И проверит руками надежность петли,

А потом он взлетит.

Я пою тебе песню любви, Москва!

Город, который не чувствует боли и не щадит никого.

Я люблю тебя, Москва, я твой пьяный ребенок,

Но я тобою рожден,

И я с тобою помру.

Гарик Сукачев. Вальс «Москва»

Звезды

В липком мареве ночного города, на крыше девятиэтажного дома в районе Павелецкой сидели два товарища. Хотя товарищами их назвать можно было только по несчастью. Скорее собутыльники. А по табелю о рангах московской социальной лестницы – бомжи.

Одному из них на вид было около пятидесяти. Это был довольно высокий мужик, обладатель копны темно-русых волос, глубоко посаженных зеленых глаз, перебитого в двух местах носа и вечно полуоткрытого рта, – что в сочетании с уважительным «Михалыч» делало его лицо пусть и недалеким, но добродушным. Последние полчаса он молча сидел, подогнув под себя ноги, и несколько напряженно вглядывался в темное небо.
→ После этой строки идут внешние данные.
(* Let ${\bf r}=(r_0,r_1,\dots)$ be a finitely supported sequence of nonnegative integers with $n=\sum_{d\ge1}r_d$, and let $k\ge0$ be an integer. For any two ${\bf S}^{(1)},{\bf S}^{(2)}\in V_{\bf r}$, $$|\mathcal{CF}_{{\bf r},k,{\bf S}^{(1)}}|=|\mathcal{CF}_{{\bf r},k,{\bf S}^{(2)}}|.$$
   Context: A plane tree is an unlabelled rooted tree in which the children of every vertex are linearly ordered; a plane forest is a finite linearly ordered sequence of plane trees. For vertices $u,v$ in a tree, $v$ is a descendant of $u$ if $u$ lies on the path from the root to $v$ (so $u$ is a descendant of itself). The degree $d_v$ is the number of children of $v$; $v$ is internal if $d_v\ge1$. $I(F)$ is the set of internal vertices of $F$. A plane forest has type ${\bf r}$ if it has exactly $r_i$ vertices of degree $i$ for all $i\ge0$. A labelled forest is a plane forest $F$ together with a bijection (labelling) $I(F)\to[n]$. An internal vertex $v$ of a labelled forest is proper if no internal descendant of $v$ has a smaller label than $v$, and improper otherwise. Fix colors $c_1,c_2,\dots$ and distinct special colors $c_1',c_2',\dots$. A proper $k$-coloring of a labelled forest assigns to each internal vertex $v$ a color, taken from $\{c_1,\dots,c_{d_v}\}$ if $v$ is proper and from $\{c_1,\dots,c_{d_v}\}\cup\{c_1',\dots,c_k'\}$ if $v$ is improper. A $k$-colored labelled forest is a labelled forest together with a proper $k$-coloring; $\mathcal{CF}_{{\bf r},k}$ is the set of $k$-colored labelled forests whose underlying plane forest has type ${\bf r}$. $V_{\bf r}$ is the set of sequences ${\bf S}=(S_1,S_2,\dots)$ of pairwise disjoint subsets of $[n]$ with union $[n]$ and $|S_i|=r_i$ for all $i\ge1$. For ${\bf S}\in V_{\bf r}$, $\mathcal{CF}_{{\bf r},k,{\bf S}}$ is the set of forests in $\mathcal{CF}_{{\bf r},k}$ in which every internal vertex $v$ has its label in $S_{d_v}$. *)

theory Defs
  imports Main
begin

text \<open>Colors: Col i stands for c_i, SCol j for the special color c'_j.\<close>
datatype color = Col nat | SCol nat

datatype ctree = Leaf | Inner nat color "ctree list"

fun labels :: "ctree \<Rightarrow> nat list" where
  "labels Leaf = []"
| "labels (Inner l c ts) = l # concat (map labels ts)"

fun degcount :: "nat \<Rightarrow> ctree \<Rightarrow> nat" where
  "degcount i Leaf = (if i = 0 then 1 else 0)"
| "degcount i (Inner l c ts) = (if length ts = i then 1 else 0) + sum_list (map (degcount i) ts)"

definition proper_root :: "nat \<Rightarrow> ctree list \<Rightarrow> bool" where
  "proper_root l ts = (\<forall>m \<in> set (labels (Inner l (Col 0) ts)). \<not> m < l)"

fun wf_col :: "nat \<Rightarrow> ctree \<Rightarrow> bool" where
  "wf_col k Leaf = True"
| "wf_col k (Inner l c ts) =
     (ts \<noteq> [] \<and>
      (c \<in> {Col i | i. 1 \<le> i \<and> i \<le> length ts} \<or>
       (\<not> proper_root l ts \<and> c \<in> {SCol j | j. 1 \<le> j \<and> j \<le> k})) \<and>
      (\<forall>t \<in> set ts. wf_col k t))"

fun labels_in :: "(nat \<Rightarrow> nat set) \<Rightarrow> ctree \<Rightarrow> bool" where
  "labels_in S Leaf = True"
| "labels_in S (Inner l c ts) = (l \<in> S (length ts) \<and> (\<forall>t \<in> set ts. labels_in S t))"

definition forest_labels :: "ctree list \<Rightarrow> nat list" where
  "forest_labels F = concat (map labels F)"

definition n_of :: "(nat \<Rightarrow> nat) \<Rightarrow> nat" where
  "n_of r = (\<Sum>d \<in> {d. 1 \<le> d \<and> r d \<noteq> 0}. r d)"

definition CF :: "(nat \<Rightarrow> nat) \<Rightarrow> nat \<Rightarrow> ctree list set" where
  "CF r k = {F. (\<forall>t \<in> set F. wf_col k t) \<and>
                distinct (forest_labels F) \<and> set (forest_labels F) = {1..n_of r} \<and>
                (\<forall>i. sum_list (map (degcount i) F) = r i)}"

text \<open>V_r: sequences (S_1, S_2, ...) (index 0 unused) of pairwise disjoint subsets of [n]
  with union [n] and |S_i| = r_i for i \<ge> 1.\<close>
definition V :: "(nat \<Rightarrow> nat) \<Rightarrow> (nat \<Rightarrow> nat set) set" where
  "V r = {S. (\<forall>i\<ge>1. S i \<subseteq> {1..n_of r} \<and> card (S i) = r i) \<and>
             (\<forall>i\<ge>1. \<forall>j\<ge>1. i \<noteq> j \<longrightarrow> S i \<inter> S j = {}) \<and>
             (\<Union>i\<in>{i. 1 \<le> i}. S i) = {1..n_of r}}"

definition CF_S :: "(nat \<Rightarrow> nat) \<Rightarrow> nat \<Rightarrow> (nat \<Rightarrow> nat set) \<Rightarrow> ctree list set" where
  "CF_S r k S = {F \<in> CF r k. \<forall>t \<in> set F. labels_in S t}"

end

(*
  Adjacent transpositions (i i+1) generate the permutations of [n], and any two elements of V_r
  differ by a permutation of [n]; so it suffices to compare S with (i i+1) S. Swapping the labels
  i and i+1 preserves all degrees, and it can make an improper vertex proper only if the vertex
  is critical: labelled i+1, specially colored, with minimum label i in its subtree. At a critical
  vertex we exchange it with its descendant labelled i instead (see exchange). Both maps are
  involutions acting on the multiset of (label, degree) pairs by the transposition, so together
  they are a bijection between the colored forests for S and for (i i+1) S.
*)
theory Submission
  imports Defs "HOL-Library.Multiset" "HOL-Combinatorics.Permutations"
begin

section \<open>Labels and degrees\<close>

abbreviation adj_swap :: "nat \<Rightarrow> nat \<Rightarrow> nat" where
  "adj_swap i \<equiv> Transposition.transpose i (Suc i)"

fun nodes :: "ctree \<Rightarrow> (nat \<times> nat) multiset" where
  "nodes Leaf = {#}"
| "nodes (Inner l c ts) = add_mset (l, length ts) (\<Sum>t\<leftarrow>ts. nodes t)"

fun nleaves :: "ctree \<Rightarrow> nat" where
  "nleaves Leaf = 1"
| "nleaves (Inner l c ts) = (\<Sum>t\<leftarrow>ts. nleaves t)"

fun map_label :: "(nat \<Rightarrow> nat) \<Rightarrow> ctree \<Rightarrow> ctree" where
  "map_label f Leaf = Leaf"
| "map_label f (Inner l c ts) = Inner (f l) c (map (map_label f) ts)"

lemma image_mset_sum_list: "image_mset f (\<Sum>x\<leftarrow>xs. g x) = (\<Sum>x\<leftarrow>xs. image_mset f (g x))"
  by (induction xs) auto

lemma image_mset_apfst_id: "\<forall>(x, _) \<in># X. f x = x \<Longrightarrow> image_mset (apfst f) X = X"
  by (induction X) auto

lemma image_mset_apfst_transpose:
  assumes "\<forall>(x, _) \<in># X. x \<noteq> a \<and> x \<noteq> b"
  shows "image_mset (apfst (Transposition.transpose a b)) (add_mset (a, m) (add_mset (b, n) X))
    = add_mset (b, m) (add_mset (a, n) X)"
proof -
  have "image_mset (apfst (Transposition.transpose a b)) X = X"
    using assms by (intro image_mset_apfst_id) auto
  then show ?thesis
    by simp
qed

lemma sum_list_map_update:
  "n < length xs \<Longrightarrow> (\<Sum>x\<leftarrow>xs[n := y]. f x) + f (xs ! n) = (\<Sum>x\<leftarrow>xs. f x) + (f y :: 'b::comm_monoid_add)"
  by (induction xs arbitrary: n) (auto simp: add_ac split: nat.split)

lemma proper_root_iff: "proper_root l ts \<longleftrightarrow> (\<forall>m \<in> set (labels (Inner l c ts)). \<not> m < l)"
  unfolding proper_root_def by simp

lemma mset_labels: "mset (labels t) = image_mset fst (nodes t)"
  by (induction t) (auto simp: mset_concat image_mset_sum_list comp_def intro!: arg_cong[where f = sum_list])

lemma set_labels: "set (labels t) = fst ` set_mset (nodes t)"
  by (metis mset_labels set_image_mset set_mset_mset)

lemma label_unique_in_nodes:
  assumes "distinct (labels t)" and "nodes t = add_mset (a, d) X"
  shows "\<forall>(x, _) \<in># X. x \<noteq> a"
proof -
  have "mset (labels t) = add_mset a (image_mset fst X)"
    using assms(2) by (simp add: mset_labels)
  moreover have "count (mset (labels t)) a \<le> 1"
    using assms(1) by (simp add: distinct_count_atmost_1)
  ultimately have "count (image_mset fst X) a = 0"
    by simp
  then show ?thesis
    by (force simp: count_eq_zero_iff)
qed

lemma labels_in_iff_nodes: "labels_in S t \<longleftrightarrow> (\<forall>(l, d) \<in># nodes t. l \<in> S d)"
  by (induction t) auto

lemma nleaves_nodes: "nleaves t + size (nodes t) = 1 + \<Sum>\<^sub># (image_mset snd (nodes t))"
proof (induction t)
  case (Inner l c ts)
  then have "\<forall>t\<in>set ts. nleaves t + size (nodes t) = 1 + \<Sum>\<^sub># (image_mset snd (nodes t))"
    by blast
  then have "(\<Sum>t\<leftarrow>ts. nleaves t) + size (\<Sum>t\<leftarrow>ts. nodes t)
      = length ts + \<Sum>\<^sub># (image_mset snd (\<Sum>t\<leftarrow>ts. nodes t))"
    by (induction ts) auto
  then show ?case by simp
qed simp

lemma degcount_nodes:
  "degcount d t = (if d = 0 then nleaves t else 0) + count (image_mset snd (nodes t)) d"
proof (induction t)
  case (Inner l c ts)
  then have "(\<Sum>t\<leftarrow>ts. degcount d t)
      = (if d = 0 then \<Sum>t\<leftarrow>ts. nleaves t else 0) + count (image_mset snd (\<Sum>t\<leftarrow>ts. nodes t)) d"
    by (induction ts) auto
  then show ?case by simp
qed simp

text \<open>The number of leaves, hence the whole type, is determined by the degrees of the internal
  vertices.\<close>
lemma degcount_cong:
  assumes "image_mset snd (nodes t) = image_mset snd (nodes t')"
  shows "degcount d t = degcount d t'"
proof -
  have "size (nodes t) = size (nodes t')"
    using arg_cong[OF assms, of size] by simp
  then have "nleaves t = nleaves t'"
    using nleaves_nodes[of t] nleaves_nodes[of t'] assms by simp
  then show ?thesis
    using assms by (simp add: degcount_nodes)
qed

lemma distinct_labels_child: "distinct (labels (Inner l c ts)) \<Longrightarrow> t \<in> set ts \<Longrightarrow> distinct (labels t)"
  by (auto simp: distinct_concat_iff)

lemma distinct_labels_forest: "distinct (concat (map labels ts)) \<Longrightarrow> t \<in> set ts \<Longrightarrow> distinct (labels t)"
  by (induction ts) auto

lemma labels_map_label: "labels (map_label f t) = map f (labels t)"
  by (induction t) (auto simp: map_concat comp_def intro!: arg_cong[where f = concat])

lemma labels_map_label_Inner:
  "labels (Inner (f l) c (map (map_label f) ts)) = map f (labels (Inner l c ts))"
  using labels_map_label[of f "Inner l c ts"] by simp

lemma nodes_map_label: "nodes (map_label f t) = image_mset (apfst f) (nodes t)"
  by (induction t) (auto simp: image_mset_sum_list comp_def intro!: arg_cong[where f = sum_list])

lemma map_label_involution: "(\<And>x. f (f x) = x) \<Longrightarrow> map_label f (map_label f t) = t"
  by (induction t) (auto intro!: map_idI)

lemma nodes_adj_swap_id:
  assumes "i \<notin> set (labels t)" and "Suc i \<notin> set (labels t)"
  shows "image_mset (apfst (adj_swap i)) (nodes t) = nodes t"
proof (rule image_mset_apfst_id)
  have "x \<in> set (labels t)" if "(x, d) \<in># nodes t" for x d
    using that unfolding set_labels by force
  with assms show "\<forall>(x, _) \<in># nodes t. adj_swap i x = x"
    by (auto simp: transpose_def)
qed
(* Let $E$ be an sc-Banach space and $V=[0,\infty)^l\times\mathbb R^{n-l}\subset\mathbb R^n$. Let $f:\mathcal O(V\oplus E,0)\to(E,0)$ be an $\mathrm{sc}^0$-contraction germ which is of class $\mathrm{sc}^1$. Then the unique $\mathrm{sc}^0$-germ $\delta:\mathcal O(V,0)\to(E,0)$ satisfying $f(v,\delta(v))=0$ is also of class $\mathrm{sc}^1$.
   Context: An sc-Banach space is a Banach space $E$ with a nested sequence of Banach spaces $E=E_0\supset E_1\supset\cdots$ such that for $m<n$ the inclusion $E_n\to E_m$ is compact and $E_\infty=\bigcap_mE_m$ is dense in every $E_m$; $\|\cdot\|_m$ denotes the norm of $E_m$. Finite-dimensional spaces carry the constant structure, direct sums the levelwise one. For a closed subset $C$ of an sc-Banach space $E$, $C_m=C\cap E_m$; a germ of neighborhoods $\mathcal O(C,0)$ is a decreasing sequence $U_0\supset U_1\supset\cdots$ with $U_m$ a relatively open neighborhood of $0$ in $C_m$. An $\mathrm{sc}^0$-germ $f:\mathcal O(C,0)\to(F,0)$ is a continuous $f:U_0\to F_0$ with $f(0)=0$, $f(U_m)\subset F_m$ and $f:U_m\to F_m$ continuous for all $m$. The tangent germ $T\mathcal O(C,0)$ is the sequence $(U_{m+1}\oplus E_m)_{m\ge0}$ in the sc-Banach space $TE=E_1\oplus E_0$ with levels $(TE)_m=E_{m+1}\oplus E_m$. An $\mathrm{sc}^0$-germ $f$ is of class $\mathrm{sc}^1$ if for every $x\in U_1$ there is $Df(x)\in\mathcal L(E_0,F_0)$ with $\|f(x+h)-f(x)-Df(x)h\|_0/\|h\|_1\to0$ as $\|h\|_1\to0$ ($x+h\in U_1$), and the tangent map $Tf(x,h)=(f(x),Df(x)h)$ maps $U_{m+1}\oplus E_m$ into $F_{m+1}\oplus F_m$ and is an $\mathrm{sc}^0$-germ $T\mathcal O(C,0)\to(TF,0)$. An $\mathrm{sc}^0$-contraction germ is an $\mathrm{sc}^0$-germ $f:\mathcal O(V\oplus E,0)\to(E,0)$ of the form $f(v,u)=u-B(v,u)$ such that for every $m\ge0$ and every $0<\varepsilon<1$, $\|B(v,u)-B(v,u')\|_m\le\varepsilon\|u-u'\|_m$ for all $(v,u),(v,u')$ sufficiently close to $(0,0)$ in $V\oplus E_m$ (closeness depending on $m,\varepsilon$). Such a germ has a unique $\mathrm{sc}^0$-solution germ $\delta$ with $f(v,\delta(v))=0$. *)

theory Defs
  imports "HOL-Analysis.Analysis"
begin

text \<open>A graded (leveled) structure on a real vector space type is a pair (L, N):
  L m is the level-m subspace E_m and N m is its norm.\<close>

definition level_norm :: "'a::real_vector set \<Rightarrow> ('a \<Rightarrow> real) \<Rightarrow> bool" where
  "level_norm S n \<longleftrightarrow>
     0 \<in> S \<and> (\<forall>x\<in>S. \<forall>y\<in>S. x + y \<in> S) \<and> (\<forall>c. \<forall>x\<in>S. c *\<^sub>R x \<in> S) \<and>
     (\<forall>x\<in>S. 0 \<le> n x \<and> (n x = 0 \<longleftrightarrow> x = 0)) \<and>
     (\<forall>c. \<forall>x\<in>S. n (c *\<^sub>R x) = \<bar>c\<bar> * n x) \<and>
     (\<forall>x\<in>S. \<forall>y\<in>S. n (x + y) \<le> n x + n y)"

definition level_complete :: "'a::real_vector set \<Rightarrow> ('a \<Rightarrow> real) \<Rightarrow> bool" where
  "level_complete S n \<longleftrightarrow>
     (\<forall>x :: nat \<Rightarrow> 'a. (\<forall>k. x k \<in> S) \<and>
        (\<forall>e>0. \<exists>K. \<forall>i\<ge>K. \<forall>j\<ge>K. n (x i - x j) < e) \<longrightarrow>
        (\<exists>y\<in>S. (\<lambda>k. n (x k - y)) \<longlonglongrightarrow> 0))"

definition sc_banach :: "(nat \<Rightarrow> 'a::banach set) \<Rightarrow> (nat \<Rightarrow> 'a \<Rightarrow> real) \<Rightarrow> bool" where
  "sc_banach L N \<longleftrightarrow>
     L 0 = UNIV \<and> (\<forall>x. N 0 x = norm x) \<and>
     (\<forall>m. L (Suc m) \<subseteq> L m) \<and>
     (\<forall>m. level_norm (L m) (N m) \<and> level_complete (L m) (N m)) \<and>
     \<comment> \<open>compactness of the inclusions E_n \<rightarrow> E_m, m < n\<close>
     (\<forall>m n. m < n \<longrightarrow>
        (\<forall>x :: nat \<Rightarrow> 'a. (\<forall>k. x k \<in> L n) \<and> (\<exists>B. \<forall>k. N n (x k) \<le> B) \<longrightarrow>
           (\<exists>r y. strict_mono r \<and> y \<in> L m \<and> (\<lambda>k. N m (x (r k) - y)) \<longlonglongrightarrow> 0))) \<and>
     \<comment> \<open>density of E_\<infinity> in every E_m\<close>
     (\<forall>m. \<forall>x\<in>L m. \<forall>e>0. \<exists>y\<in>(\<Inter>k. L k). N m (x - y) < e)"

definition const_levels :: "nat \<Rightarrow> 'a set" where "const_levels m = UNIV"
definition const_norms :: "nat \<Rightarrow> 'a::real_normed_vector \<Rightarrow> real" where "const_norms m = norm"

definition sum_levels :: "(nat \<Rightarrow> 'a set) \<Rightarrow> (nat \<Rightarrow> 'b set) \<Rightarrow> nat \<Rightarrow> ('a \<times> 'b) set" where
  "sum_levels LA LB m = LA m \<times> LB m"
definition sum_norms :: "(nat \<Rightarrow> 'a \<Rightarrow> real) \<Rightarrow> (nat \<Rightarrow> 'b \<Rightarrow> real) \<Rightarrow> nat \<Rightarrow> 'a \<times> 'b \<Rightarrow> real" where
  "sum_norms NA NB m p = sqrt ((NA m (fst p))\<^sup>2 + (NB m (snd p))\<^sup>2)"

definition tan_levels :: "(nat \<Rightarrow> 'a set) \<Rightarrow> nat \<Rightarrow> ('a \<times> 'a) set" where
  "tan_levels L m = L (Suc m) \<times> L m"
definition tan_norms :: "(nat \<Rightarrow> 'a \<Rightarrow> real) \<Rightarrow> nat \<Rightarrow> 'a \<times> 'a \<Rightarrow> real" where
  "tan_norms N m p = sqrt ((N (Suc m) (fst p))\<^sup>2 + (N m (snd p))\<^sup>2)"

definition nbhd_germ :: "(nat \<Rightarrow> 'a::real_vector set) \<Rightarrow> (nat \<Rightarrow> 'a \<Rightarrow> real) \<Rightarrow> 'a set \<Rightarrow> (nat \<Rightarrow> 'a set) \<Rightarrow> bool" where
  "nbhd_germ LA NA C U \<longleftrightarrow>
     (\<forall>m. U (Suc m) \<subseteq> U m) \<and>
     (\<forall>m. U m \<subseteq> C \<inter> LA m \<and> 0 \<in> U m \<and>
        (\<forall>x\<in>U m. \<exists>e>0. \<forall>y\<in>C \<inter> LA m. NA m (y - x) < e \<longrightarrow> y \<in> U m))"

definition sc0_map :: "(nat \<Rightarrow> 'a::real_vector \<Rightarrow> real) \<Rightarrow> (nat \<Rightarrow> 'a set) \<Rightarrow>
     (nat \<Rightarrow> 'b::real_vector set) \<Rightarrow> (nat \<Rightarrow> 'b \<Rightarrow> real) \<Rightarrow> ('a \<Rightarrow> 'b) \<Rightarrow> bool" where
  "sc0_map NA U LF NF f \<longleftrightarrow>
     f 0 = 0 \<and>
     (\<forall>m. f ` U m \<subseteq> LF m) \<and>
     (\<forall>m. \<forall>x\<in>U m. \<forall>e>0. \<exists>d>0. \<forall>y\<in>U m. NA m (y - x) < d \<longrightarrow> NF m (f y - f x) < e)"

definition sc0_germ :: "(nat \<Rightarrow> 'a::real_vector set) \<Rightarrow> (nat \<Rightarrow> 'a \<Rightarrow> real) \<Rightarrow> 'a set \<Rightarrow> (nat \<Rightarrow> 'a set) \<Rightarrow>
     (nat \<Rightarrow> 'b::real_vector set) \<Rightarrow> (nat \<Rightarrow> 'b \<Rightarrow> real) \<Rightarrow> ('a \<Rightarrow> 'b) \<Rightarrow> bool" where
  "sc0_germ LA NA C U LF NF f \<longleftrightarrow> nbhd_germ LA NA C U \<and> sc0_map NA U LF NF f"

definition sc1_germ :: "(nat \<Rightarrow> 'a::real_normed_vector set) \<Rightarrow> (nat \<Rightarrow> 'a \<Rightarrow> real) \<Rightarrow> 'a set \<Rightarrow> (nat \<Rightarrow> 'a set) \<Rightarrow>
     (nat \<Rightarrow> 'b::real_normed_vector set) \<Rightarrow> (nat \<Rightarrow> 'b \<Rightarrow> real) \<Rightarrow> ('a \<Rightarrow> 'b) \<Rightarrow> bool" where
  "sc1_germ LA NA C U LF NF f \<longleftrightarrow>
     sc0_germ LA NA C U LF NF f \<and>
     (\<exists>Df :: 'a \<Rightarrow> 'a \<Rightarrow> 'b.
        (\<forall>x\<in>U 1. bounded_linear (Df x) \<and>
           (\<forall>e>0. \<exists>d>0. \<forall>h. x + h \<in> U 1 \<and> 0 < NA 1 h \<and> NA 1 h < d \<longrightarrow>
               norm (f (x + h) - f x - Df x h) \<le> e * NA 1 h)) \<and>
        (\<forall>m. (\<lambda>(x, h). (f x, Df x h)) ` (U (Suc m) \<times> LA m) \<subseteq> tan_levels LF m) \<and>
        sc0_map (tan_norms NA) (\<lambda>m. U (Suc m) \<times> LA m) (tan_levels LF) (tan_norms NF)
           (\<lambda>(x, h). (f x, Df x h)))"

text \<open>sc^0-contraction germ f(v,u) = u - B(v,u) on O(V \<oplus> E, 0).\<close>
definition sc0_contraction_germ ::
  "'v::real_normed_vector set \<Rightarrow> (nat \<Rightarrow> 'e::banach set) \<Rightarrow> (nat \<Rightarrow> 'e \<Rightarrow> real) \<Rightarrow>
   (nat \<Rightarrow> ('v \<times> 'e) set) \<Rightarrow> ('v \<times> 'e \<Rightarrow> 'e) \<Rightarrow> bool" where
  "sc0_contraction_germ V L N U f \<longleftrightarrow>
     sc0_germ (sum_levels const_levels L) (sum_norms const_norms N) (V \<times> UNIV) U L N f \<and>
     (\<forall>m. \<forall>e. 0 < e \<and> e < 1 \<longrightarrow>
        (\<exists>r>0. \<forall>v u u'. (v, u) \<in> U m \<and> (v, u') \<in> U m \<and>
            sum_norms const_norms N m (v, u) < r \<and> sum_norms const_norms N m (v, u') < r \<longrightarrow>
            N m ((u - f (v, u)) - (u' - f (v, u'))) \<le> e * N m (u - u')))"

text \<open>The partial quadrant [0,\<infinity>)^l \<times> \<real>^(n-l), the nonnegative coordinates being those in I.\<close>
definition quadrant :: "'n::finite set \<Rightarrow> (real ^ 'n) set" where
  "quadrant I = {v. \<forall>i\<in>I. 0 \<le> v $ i}"

end

theory Submission
  imports Defs
begin

text \<open>Differentiating \<open>f (v, \<delta> v) = 0\<close> forces \<open>D\<delta>(v) e\<close> to be the solution \<open>z\<close> of
  \<open>Df(v, \<delta> v)(e, z) = 0\<close>. Writing \<open>f (v, u) = u - B (v, u)\<close>, the fibre derivative \<open>DuB\<close> is a
  contraction with constant \<open>1/2\<close> on every level \<open>E_m\<close> near \<open>0\<close>: on the dense subspace
  \<open>E_(m+1)\<close> it is the limit of difference quotients of \<open>B\<close>, which are bounded in \<open>E_(m+1)\<close> and
  therefore converge in \<open>E_m\<close> by compactness of the inclusion. Hence \<open>z\<close> exists in \<open>E_m\<close> as a
  fixed point, is linear in \<open>e\<close> and depends continuously on \<open>(v, e)\<close>. Differentiability of \<open>\<delta>\<close>
  follows from a mean value estimate along segments, where the same contraction absorbs the
  fibre part of the increment. All estimates hold on smaller neighbourhoods of \<open>0\<close>, on which the
  graph of \<open>\<delta>\<close> stays in the region where \<open>B\<close> contracts.\<close>

section \<open>Normed levels\<close>

context
  fixes S :: "'a::real_vector set" and n :: "'a \<Rightarrow> real"
  assumes S: "level_norm S n"
begin

lemma level_norm_zero: "0 \<in> S" "n 0 = 0"
  using S unfolding level_norm_def by auto

lemma level_norm_add_mem: "x \<in> S \<Longrightarrow> y \<in> S \<Longrightarrow> x + y \<in> S"
  using S unfolding level_norm_def by auto

lemma level_norm_scaleR_mem: "x \<in> S \<Longrightarrow> c *\<^sub>R x \<in> S"
  using S unfolding level_norm_def by auto

lemma level_norm_scaleR: "x \<in> S \<Longrightarrow> n (c *\<^sub>R x) = \<bar>c\<bar> * n x"
  using S unfolding level_norm_def by auto

lemma level_norm_nonneg: "x \<in> S \<Longrightarrow> 0 \<le> n x"
  using S unfolding level_norm_def by auto

lemma level_norm_eq_0_iff: "x \<in> S \<Longrightarrow> n x = 0 \<longleftrightarrow> x = 0"
  using S unfolding level_norm_def by auto

lemma level_norm_triangle: "x \<in> S \<Longrightarrow> y \<in> S \<Longrightarrow> n (x + y) \<le> n x + n y"
  using S unfolding level_norm_def by auto

lemma level_norm_minus_mem: "x \<in> S \<Longrightarrow> - x \<in> S"
  using level_norm_scaleR_mem[of x "-1"] by simp

lemma level_norm_minus: "x \<in> S \<Longrightarrow> n (- x) = n x"
  using level_norm_scaleR[of x "-1"] by simp

lemma level_norm_diff_mem: "x \<in> S \<Longrightarrow> y \<in> S \<Longrightarrow> x - y \<in> S"
  using level_norm_add_mem[OF _ level_norm_minus_mem, of x y] by simp

lemma level_norm_minus_commute: "x \<in> S \<Longrightarrow> y \<in> S \<Longrightarrow> n (x - y) = n (y - x)"
  using level_norm_minus[OF level_norm_diff_mem, of x y] by simp

lemma level_norm_triangle_diff: "x \<in> S \<Longrightarrow> y \<in> S \<Longrightarrow> n (x - y) \<le> n x + n y"
  using level_norm_triangle[OF _ level_norm_minus_mem, of x y] level_norm_minus[of y] by simp

lemma level_norm_triangle_sub:
  "x \<in> S \<Longrightarrow> y \<in> S \<Longrightarrow> z \<in> S \<Longrightarrow> n (x - z) \<le> n (x - y) + n (y - z)"
  using level_norm_triangle[OF level_norm_diff_mem level_norm_diff_mem, of x y y z] by simp

lemma level_norm_diff_le: "x \<in> S \<Longrightarrow> y \<in> S \<Longrightarrow> \<bar>n x - n y\<bar> \<le> n (x - y)"
  using level_norm_triangle_sub[of x y 0] level_norm_triangle_sub[of y x 0]
    level_norm_zero level_norm_minus_commute[of x y] by (simp add: abs_le_iff)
Его приятель, сутулый маленький человечек, откликавшийся на «Игорек», с редкими пучками сизых волос, прокопченным лицом, покрытым сеткой морщин, и с озорными ребячьими глазами, вертел по сторонам головой, то расстегивая, то застегивая молнию на вылинявшем синем спортивном костюме. Будто пытаясь понять – жарко ему или холодно. Почему его звали «Игорек», никто не знал, ведь в давно потерянном паспорте значилось совсем другое – Феклистов Леонид Игоревич, 1948 года рождения. Вероятнее всего, эти данные он и сам давно забыл.

Изредка он заглядывал в лицо медитирующего Михалыча и, не находя в нем признаков жизни, прикладывался к мутной пластиковой бутылке с прозрачной жидкостью.

Зыркнув на Михалыча в очередной раз, Игорек допил остатки, швырнул бутылку вниз, проследил за ее полетом, достал сигарету и крякнул:

– Михалыч! – и подкрепил обращение хлопком по плечу. – Э, Михалыч, слышь?!

– Чего ты орешь-то? – нехотя отозвался Михалыч.

– А чё ты залип? Сидишь, уставился в одну точку. Я думал, ты…

– Что?

– Ну, не знаю что… умер, например.

– Лучше бы умер! – сплюнул прямо перед собой Михалыч. – Я на звезды смотрю… падающие.

– Нафига?

– Две звезды уже упало. Красиво. Дай сигарету, а?

– У меня две штуки осталось.

– Давай одну на двоих?

– Ну на! – Игорек нехотя достал из кармана мятую сигарету.

– Я говорю, – затянулся Михалыч, – звезды эти, которые упали. Красивые.

– Ну.

– Вообще-то все звезды падающие красивые.

– Ну.

– Чего ты заладил, «ну, ну», я тебе лошадь, что ли?

– А чего ты ко мне пристал со своими звездами? Я тебе чё, планетарий?

– Гы-гы-гы… пролетарий ты, а не планетарий.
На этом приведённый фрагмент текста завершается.